** Information provided follows **

lemma max_bmatching_matches_interested_buyer:
  assumes M: "is_max_bmatching S Bs cap J M" and fin: "finite Bs" "finite J"
    and x: "x \<in> Bs" "0 < cap x" "j \<in> S x"
    and j: "j \<in> J - snd ` M \<or> (\<exists>y. (y, j) \<in> M \<and> (\<exists>jb \<in> J - snd ` M. aug_path S Bs J M y jb))"
  shows "(\<exists>j0. (x, j0) \<in> M) \<and> (\<exists>jb \<in> J - snd ` M. aug_path S Bs J M x jb)"
proof -
  have bm: "is_bmatching S Bs cap J M" using M by (simp add: is_max_bmatching_def)
  then have "finite M" using fin by (rule finite_bmatching)
  have reach: "\<exists>jb \<in> J - snd ` M. aug_path S Bs J M x jb"
    using j
  proof
    assume "j \<in> J - snd ` M"
    then show ?thesis using aug_path_single[of x Bs j J S M] x by (force intro: rev_image_eqI)
  next
    assume "\<exists>y. (y, j) \<in> M \<and> (\<exists>jb \<in> J - snd ` M. aug_path S Bs J M y jb)"
    then obtain y jb where y: "(y, j) \<in> M" "jb \<in> J - snd ` M" "aug_path S Bs J M y jb" by blast
    have "j \<in> J" using y(1) bm by (auto simp: is_bmatching_def edges_def)
    show ?thesis
    proof (cases "(x, j) \<in> M")
      case True
      then have "x = y" using bmatching_item_unique[OF bm \<open>finite M\<close> _ y(1)] by blast
      then show ?thesis using y by blast
    next
      case False
      then show ?thesis using aug_path_Cons[OF y(3,1) x(1) \<open>j \<in> J\<close> x(3)] y(2) by blast
    qed
  qed
  then have "0 < card {j. (x, j) \<in> M}"
    using max_bmatching_aug_path_source_saturated[OF M fin] x(2)
    by (meson DiffD2 order.strict_trans2)
  then show ?thesis using reach card_gt_0_iff by fastforce
qed

lemma demand_pos_imp_le_value:
  "0 < demand S v bud x q \<Longrightarrow> q \<le> (v x, 0)"
  by (auto simp: demand_def split: if_splits)

lemma demand_posI:
  assumes "finite (S x)" "S x \<noteq> {}" "q \<le> (v x, 0)" "q \<le> bud x"
  shows "0 < demand S v bud x q"
proof -
  let ?K = "{n. n \<le> card (S x) \<and> (n = 0 \<or> xscale n q \<le> bud x)}"
  have "finite ?K" by (rule finite_subset[of _ "{..card (S x)}"]) auto
  moreover have "1 \<in> ?K"
    using assms by (simp add: xscale_def Suc_le_eq card_gt_0_iff)
  ultimately have "1 \<le> Max ?K" by (rule Max_ge)
  then show ?thesis using assms(3) by (simp add: demand_def not_less)
qed

lemma alg_step_mono:
  assumes "alg_step I S v st st'"
  shows "price st \<le> price st'" "sales st \<subseteq> sales st'" "unsold st' \<subseteq> unsold st"
  using assms
  by (cases rule: alg_step.cases;
      auto simp: next_critical_def is_critical_def less_eq_prod_def)+

lemma alg_step_new_sale:
  assumes "alg_step I S v st st'" "(x, j, q) \<in> sales st' - sales st"
  shows "q = price st' \<and> x \<in> active I S v (budget st) q"
  using assms(1)
proof (cases rule: alg_step.cases)
  case (proc1 p q' Ip A Q JQ M Jbar N M1 bud1 MQ)
  have "(x, j) \<in> M1 \<union> MQ" "q = q'" using assms(2) proc1(15) by auto
  moreover have "M1 \<subseteq> edges S A (unsold st)" "MQ \<subseteq> edges S Q Jbar"
    using proc1(8,12,14) by (auto simp: is_max_bmatching_def is_bmatching_def)
  ultimately show ?thesis using proc1(3-5,15) by (auto simp: edges_def)
next
  case (proc2 p q0 q' Ip0 Ip M Jbar N M1 bud1 J1)
  have "(x, j) \<in> M1" "q = q'" using assms(2) proc2(13) by auto
  moreover have "M1 \<subseteq> edges S Ip (unsold st)"
    using proc2(7,10) by (auto simp: is_max_bmatching_def is_bmatching_def)
  ultimately show ?thesis using proc2(6,13) by (auto simp: edges_def)
qed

** End of Information provided **

Which lines of the records above hold the word "rule"? Copy each one out.

  then have "finite M" using fin by (rule finite_bmatching)
  have "finite ?K" by (rule finite_subset[of _ "{..card (S x)}"]) auto
  ultimately have "1 \<le> Max ?K" by (rule Max_ge)
  by (cases rule: alg_step.cases;
proof (cases rule: alg_step.cases)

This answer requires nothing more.